═════ Information given

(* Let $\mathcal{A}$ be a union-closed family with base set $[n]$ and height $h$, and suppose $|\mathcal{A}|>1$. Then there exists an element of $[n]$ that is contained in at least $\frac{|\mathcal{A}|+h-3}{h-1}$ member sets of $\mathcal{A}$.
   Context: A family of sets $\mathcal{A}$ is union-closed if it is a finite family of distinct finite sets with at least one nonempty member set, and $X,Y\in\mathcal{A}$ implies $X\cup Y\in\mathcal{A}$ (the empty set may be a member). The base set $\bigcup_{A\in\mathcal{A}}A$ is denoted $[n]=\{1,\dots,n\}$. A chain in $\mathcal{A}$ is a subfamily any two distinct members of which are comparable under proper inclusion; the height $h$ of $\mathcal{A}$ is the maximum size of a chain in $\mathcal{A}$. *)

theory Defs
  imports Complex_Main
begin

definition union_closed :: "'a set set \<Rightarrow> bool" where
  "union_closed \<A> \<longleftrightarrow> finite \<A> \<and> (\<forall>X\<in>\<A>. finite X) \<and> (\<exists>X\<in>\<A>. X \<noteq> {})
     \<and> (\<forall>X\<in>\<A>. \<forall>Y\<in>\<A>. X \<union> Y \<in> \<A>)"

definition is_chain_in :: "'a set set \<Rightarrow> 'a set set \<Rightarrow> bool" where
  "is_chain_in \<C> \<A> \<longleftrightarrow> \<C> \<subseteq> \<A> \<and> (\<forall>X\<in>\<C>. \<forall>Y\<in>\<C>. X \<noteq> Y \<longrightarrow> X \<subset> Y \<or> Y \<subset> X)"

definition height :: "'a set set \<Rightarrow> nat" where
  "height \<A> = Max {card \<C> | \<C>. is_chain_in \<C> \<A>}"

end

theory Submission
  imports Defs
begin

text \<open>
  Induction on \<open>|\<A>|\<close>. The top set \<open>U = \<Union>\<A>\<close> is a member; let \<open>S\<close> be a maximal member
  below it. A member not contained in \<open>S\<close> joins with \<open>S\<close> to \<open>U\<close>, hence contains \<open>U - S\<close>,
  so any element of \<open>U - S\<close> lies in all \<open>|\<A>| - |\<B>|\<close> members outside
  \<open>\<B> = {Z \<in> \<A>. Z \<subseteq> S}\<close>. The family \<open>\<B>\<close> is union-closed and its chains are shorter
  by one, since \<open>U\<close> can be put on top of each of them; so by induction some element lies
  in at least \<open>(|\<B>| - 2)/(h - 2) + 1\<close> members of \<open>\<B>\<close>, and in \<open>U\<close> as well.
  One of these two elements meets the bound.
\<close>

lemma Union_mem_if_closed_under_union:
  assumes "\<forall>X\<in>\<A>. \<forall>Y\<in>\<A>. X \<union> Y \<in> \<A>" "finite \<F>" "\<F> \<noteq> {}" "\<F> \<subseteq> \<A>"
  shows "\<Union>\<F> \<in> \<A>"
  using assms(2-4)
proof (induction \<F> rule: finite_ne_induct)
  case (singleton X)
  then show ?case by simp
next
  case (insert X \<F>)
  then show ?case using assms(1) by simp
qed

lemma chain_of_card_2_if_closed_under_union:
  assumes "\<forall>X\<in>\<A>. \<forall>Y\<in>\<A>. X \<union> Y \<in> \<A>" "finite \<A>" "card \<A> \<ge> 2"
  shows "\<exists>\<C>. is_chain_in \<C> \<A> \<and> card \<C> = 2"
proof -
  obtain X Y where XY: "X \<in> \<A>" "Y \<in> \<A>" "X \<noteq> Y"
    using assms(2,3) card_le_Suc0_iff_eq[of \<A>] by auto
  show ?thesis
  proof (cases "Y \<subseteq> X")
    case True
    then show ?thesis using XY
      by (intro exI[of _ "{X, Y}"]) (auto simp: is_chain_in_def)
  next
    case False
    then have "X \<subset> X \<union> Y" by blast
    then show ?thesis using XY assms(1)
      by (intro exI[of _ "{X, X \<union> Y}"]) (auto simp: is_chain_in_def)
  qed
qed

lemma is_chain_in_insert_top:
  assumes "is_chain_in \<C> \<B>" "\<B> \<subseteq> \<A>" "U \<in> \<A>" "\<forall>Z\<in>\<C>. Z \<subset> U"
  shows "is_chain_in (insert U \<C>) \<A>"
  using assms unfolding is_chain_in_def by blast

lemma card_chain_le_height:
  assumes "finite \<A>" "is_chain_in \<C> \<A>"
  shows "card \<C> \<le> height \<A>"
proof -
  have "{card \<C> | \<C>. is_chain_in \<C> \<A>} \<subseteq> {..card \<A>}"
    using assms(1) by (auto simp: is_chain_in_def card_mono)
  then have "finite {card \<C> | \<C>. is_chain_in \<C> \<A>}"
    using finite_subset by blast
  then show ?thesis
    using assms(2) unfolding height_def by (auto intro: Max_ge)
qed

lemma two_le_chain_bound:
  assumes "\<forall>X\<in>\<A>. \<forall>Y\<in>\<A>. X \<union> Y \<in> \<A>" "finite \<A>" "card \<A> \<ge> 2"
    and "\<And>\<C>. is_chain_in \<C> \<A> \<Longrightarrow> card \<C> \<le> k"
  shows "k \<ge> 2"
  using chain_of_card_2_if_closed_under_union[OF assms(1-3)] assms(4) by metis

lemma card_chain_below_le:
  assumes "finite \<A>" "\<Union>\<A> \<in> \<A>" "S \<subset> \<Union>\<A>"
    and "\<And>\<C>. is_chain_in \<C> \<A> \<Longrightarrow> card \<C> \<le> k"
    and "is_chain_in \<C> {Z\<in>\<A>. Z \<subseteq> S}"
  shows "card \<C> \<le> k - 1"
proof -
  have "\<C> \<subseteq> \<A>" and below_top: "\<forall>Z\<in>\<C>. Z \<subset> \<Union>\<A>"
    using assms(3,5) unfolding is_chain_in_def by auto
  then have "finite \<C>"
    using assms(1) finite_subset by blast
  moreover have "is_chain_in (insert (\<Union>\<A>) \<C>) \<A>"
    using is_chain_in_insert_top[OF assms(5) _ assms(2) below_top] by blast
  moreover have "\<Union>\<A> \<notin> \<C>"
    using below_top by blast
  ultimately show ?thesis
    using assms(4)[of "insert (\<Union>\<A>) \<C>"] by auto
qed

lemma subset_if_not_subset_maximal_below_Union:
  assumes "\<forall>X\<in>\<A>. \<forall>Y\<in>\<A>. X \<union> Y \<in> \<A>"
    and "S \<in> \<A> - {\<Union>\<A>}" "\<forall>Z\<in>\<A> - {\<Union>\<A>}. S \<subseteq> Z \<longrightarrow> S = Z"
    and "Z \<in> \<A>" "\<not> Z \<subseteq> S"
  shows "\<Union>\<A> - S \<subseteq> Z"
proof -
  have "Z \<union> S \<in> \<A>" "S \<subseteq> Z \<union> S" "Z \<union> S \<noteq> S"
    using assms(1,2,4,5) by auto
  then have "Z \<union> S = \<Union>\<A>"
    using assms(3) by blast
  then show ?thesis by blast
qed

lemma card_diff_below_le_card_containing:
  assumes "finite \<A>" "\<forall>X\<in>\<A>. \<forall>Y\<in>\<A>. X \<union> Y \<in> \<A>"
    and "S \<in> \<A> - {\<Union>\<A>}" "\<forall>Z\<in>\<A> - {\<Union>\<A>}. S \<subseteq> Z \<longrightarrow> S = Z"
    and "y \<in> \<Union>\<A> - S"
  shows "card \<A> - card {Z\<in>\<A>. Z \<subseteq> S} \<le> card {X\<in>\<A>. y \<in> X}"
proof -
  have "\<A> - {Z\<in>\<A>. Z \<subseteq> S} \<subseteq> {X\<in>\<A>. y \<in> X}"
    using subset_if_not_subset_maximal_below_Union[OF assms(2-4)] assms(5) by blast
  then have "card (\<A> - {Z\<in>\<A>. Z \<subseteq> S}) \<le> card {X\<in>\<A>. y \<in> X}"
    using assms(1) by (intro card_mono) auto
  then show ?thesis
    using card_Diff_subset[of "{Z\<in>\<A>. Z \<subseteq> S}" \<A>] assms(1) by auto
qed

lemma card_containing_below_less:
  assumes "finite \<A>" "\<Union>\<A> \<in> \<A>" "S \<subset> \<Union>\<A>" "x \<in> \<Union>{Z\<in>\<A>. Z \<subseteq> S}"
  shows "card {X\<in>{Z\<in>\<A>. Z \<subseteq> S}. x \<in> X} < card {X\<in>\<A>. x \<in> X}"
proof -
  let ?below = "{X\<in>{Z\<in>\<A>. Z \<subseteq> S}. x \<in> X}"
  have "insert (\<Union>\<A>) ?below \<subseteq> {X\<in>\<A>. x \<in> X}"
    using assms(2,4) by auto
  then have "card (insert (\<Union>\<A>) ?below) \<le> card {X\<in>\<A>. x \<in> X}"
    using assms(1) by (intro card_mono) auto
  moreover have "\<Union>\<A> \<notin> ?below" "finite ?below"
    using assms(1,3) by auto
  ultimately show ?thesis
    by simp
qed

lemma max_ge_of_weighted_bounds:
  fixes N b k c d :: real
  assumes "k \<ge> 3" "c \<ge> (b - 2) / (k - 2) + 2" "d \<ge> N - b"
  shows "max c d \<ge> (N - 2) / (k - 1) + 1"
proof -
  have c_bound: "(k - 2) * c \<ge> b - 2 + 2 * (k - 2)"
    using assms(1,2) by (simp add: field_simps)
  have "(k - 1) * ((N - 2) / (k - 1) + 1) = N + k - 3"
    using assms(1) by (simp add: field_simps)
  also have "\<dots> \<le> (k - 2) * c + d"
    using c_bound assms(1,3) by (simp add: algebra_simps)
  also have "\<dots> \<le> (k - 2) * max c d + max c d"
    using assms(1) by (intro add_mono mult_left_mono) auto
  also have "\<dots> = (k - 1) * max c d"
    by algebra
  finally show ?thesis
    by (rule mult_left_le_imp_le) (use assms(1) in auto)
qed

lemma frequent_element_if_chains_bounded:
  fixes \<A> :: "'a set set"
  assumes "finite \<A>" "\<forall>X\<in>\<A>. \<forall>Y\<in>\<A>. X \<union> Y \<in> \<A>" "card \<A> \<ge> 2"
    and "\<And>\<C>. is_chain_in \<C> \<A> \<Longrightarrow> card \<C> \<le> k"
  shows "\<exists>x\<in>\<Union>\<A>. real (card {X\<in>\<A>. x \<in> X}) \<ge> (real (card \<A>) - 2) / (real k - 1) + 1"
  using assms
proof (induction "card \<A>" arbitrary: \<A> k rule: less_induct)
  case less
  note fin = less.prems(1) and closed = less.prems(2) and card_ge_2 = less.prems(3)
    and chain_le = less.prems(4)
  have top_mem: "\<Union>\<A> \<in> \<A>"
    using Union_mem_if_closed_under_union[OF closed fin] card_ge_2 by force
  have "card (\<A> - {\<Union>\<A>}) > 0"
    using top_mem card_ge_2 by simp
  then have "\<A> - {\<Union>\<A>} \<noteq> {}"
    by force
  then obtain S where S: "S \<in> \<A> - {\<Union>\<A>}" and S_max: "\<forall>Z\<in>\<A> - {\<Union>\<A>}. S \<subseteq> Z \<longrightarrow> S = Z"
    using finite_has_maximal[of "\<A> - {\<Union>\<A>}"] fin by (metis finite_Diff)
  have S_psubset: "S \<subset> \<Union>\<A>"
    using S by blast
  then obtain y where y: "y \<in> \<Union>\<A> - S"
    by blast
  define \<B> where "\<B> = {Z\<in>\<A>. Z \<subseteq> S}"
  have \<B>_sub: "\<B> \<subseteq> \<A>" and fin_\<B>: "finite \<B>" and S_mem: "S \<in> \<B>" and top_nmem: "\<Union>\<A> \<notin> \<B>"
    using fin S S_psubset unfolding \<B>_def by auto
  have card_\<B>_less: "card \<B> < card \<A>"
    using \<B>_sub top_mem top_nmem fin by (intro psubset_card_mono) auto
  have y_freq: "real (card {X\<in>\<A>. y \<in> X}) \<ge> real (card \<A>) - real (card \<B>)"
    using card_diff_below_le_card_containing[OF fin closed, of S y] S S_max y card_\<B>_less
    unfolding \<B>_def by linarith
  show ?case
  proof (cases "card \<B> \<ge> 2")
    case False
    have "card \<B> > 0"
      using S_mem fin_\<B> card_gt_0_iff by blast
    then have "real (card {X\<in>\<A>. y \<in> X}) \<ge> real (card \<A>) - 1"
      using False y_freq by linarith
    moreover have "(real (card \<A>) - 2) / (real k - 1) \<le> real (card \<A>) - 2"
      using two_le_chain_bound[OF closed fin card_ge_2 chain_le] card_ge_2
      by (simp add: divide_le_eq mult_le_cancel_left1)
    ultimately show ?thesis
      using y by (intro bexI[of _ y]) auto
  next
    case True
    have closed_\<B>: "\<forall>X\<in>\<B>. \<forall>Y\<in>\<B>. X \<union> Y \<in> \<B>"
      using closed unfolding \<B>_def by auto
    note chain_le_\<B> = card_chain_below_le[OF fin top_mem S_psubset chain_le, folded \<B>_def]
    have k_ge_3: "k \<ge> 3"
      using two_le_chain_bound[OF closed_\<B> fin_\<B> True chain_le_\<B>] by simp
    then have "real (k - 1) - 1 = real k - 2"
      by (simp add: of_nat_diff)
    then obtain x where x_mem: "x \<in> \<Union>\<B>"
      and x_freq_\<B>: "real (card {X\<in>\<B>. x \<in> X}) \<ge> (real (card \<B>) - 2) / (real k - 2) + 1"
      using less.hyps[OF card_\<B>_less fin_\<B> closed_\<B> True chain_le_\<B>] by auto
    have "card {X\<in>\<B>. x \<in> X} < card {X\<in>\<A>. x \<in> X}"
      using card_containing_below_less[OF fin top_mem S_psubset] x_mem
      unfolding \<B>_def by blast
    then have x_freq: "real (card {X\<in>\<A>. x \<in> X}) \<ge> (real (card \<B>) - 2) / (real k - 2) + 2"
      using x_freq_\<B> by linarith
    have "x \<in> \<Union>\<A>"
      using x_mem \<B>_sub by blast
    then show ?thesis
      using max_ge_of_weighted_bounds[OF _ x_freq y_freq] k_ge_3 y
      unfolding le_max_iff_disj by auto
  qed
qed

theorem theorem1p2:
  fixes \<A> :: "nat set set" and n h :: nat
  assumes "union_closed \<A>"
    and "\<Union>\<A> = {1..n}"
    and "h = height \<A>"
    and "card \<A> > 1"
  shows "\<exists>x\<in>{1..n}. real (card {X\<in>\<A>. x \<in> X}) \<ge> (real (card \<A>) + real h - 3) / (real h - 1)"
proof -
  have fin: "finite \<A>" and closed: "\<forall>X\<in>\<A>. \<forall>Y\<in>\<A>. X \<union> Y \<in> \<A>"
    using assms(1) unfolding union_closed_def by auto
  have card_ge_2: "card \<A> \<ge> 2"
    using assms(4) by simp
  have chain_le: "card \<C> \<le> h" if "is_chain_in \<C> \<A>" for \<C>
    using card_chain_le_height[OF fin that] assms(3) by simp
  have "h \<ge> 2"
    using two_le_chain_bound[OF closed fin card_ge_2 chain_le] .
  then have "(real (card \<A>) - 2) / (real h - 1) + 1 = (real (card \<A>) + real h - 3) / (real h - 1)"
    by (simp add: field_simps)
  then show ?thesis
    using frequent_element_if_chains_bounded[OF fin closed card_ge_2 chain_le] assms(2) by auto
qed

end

══════════

### Activity
Copy all lines in the listing above where the string "linarith" appears.

### Response to the exercise
    unfolding \<B>_def by linarith
      using False y_freq by linarith
      using x_freq_\<B> by linarith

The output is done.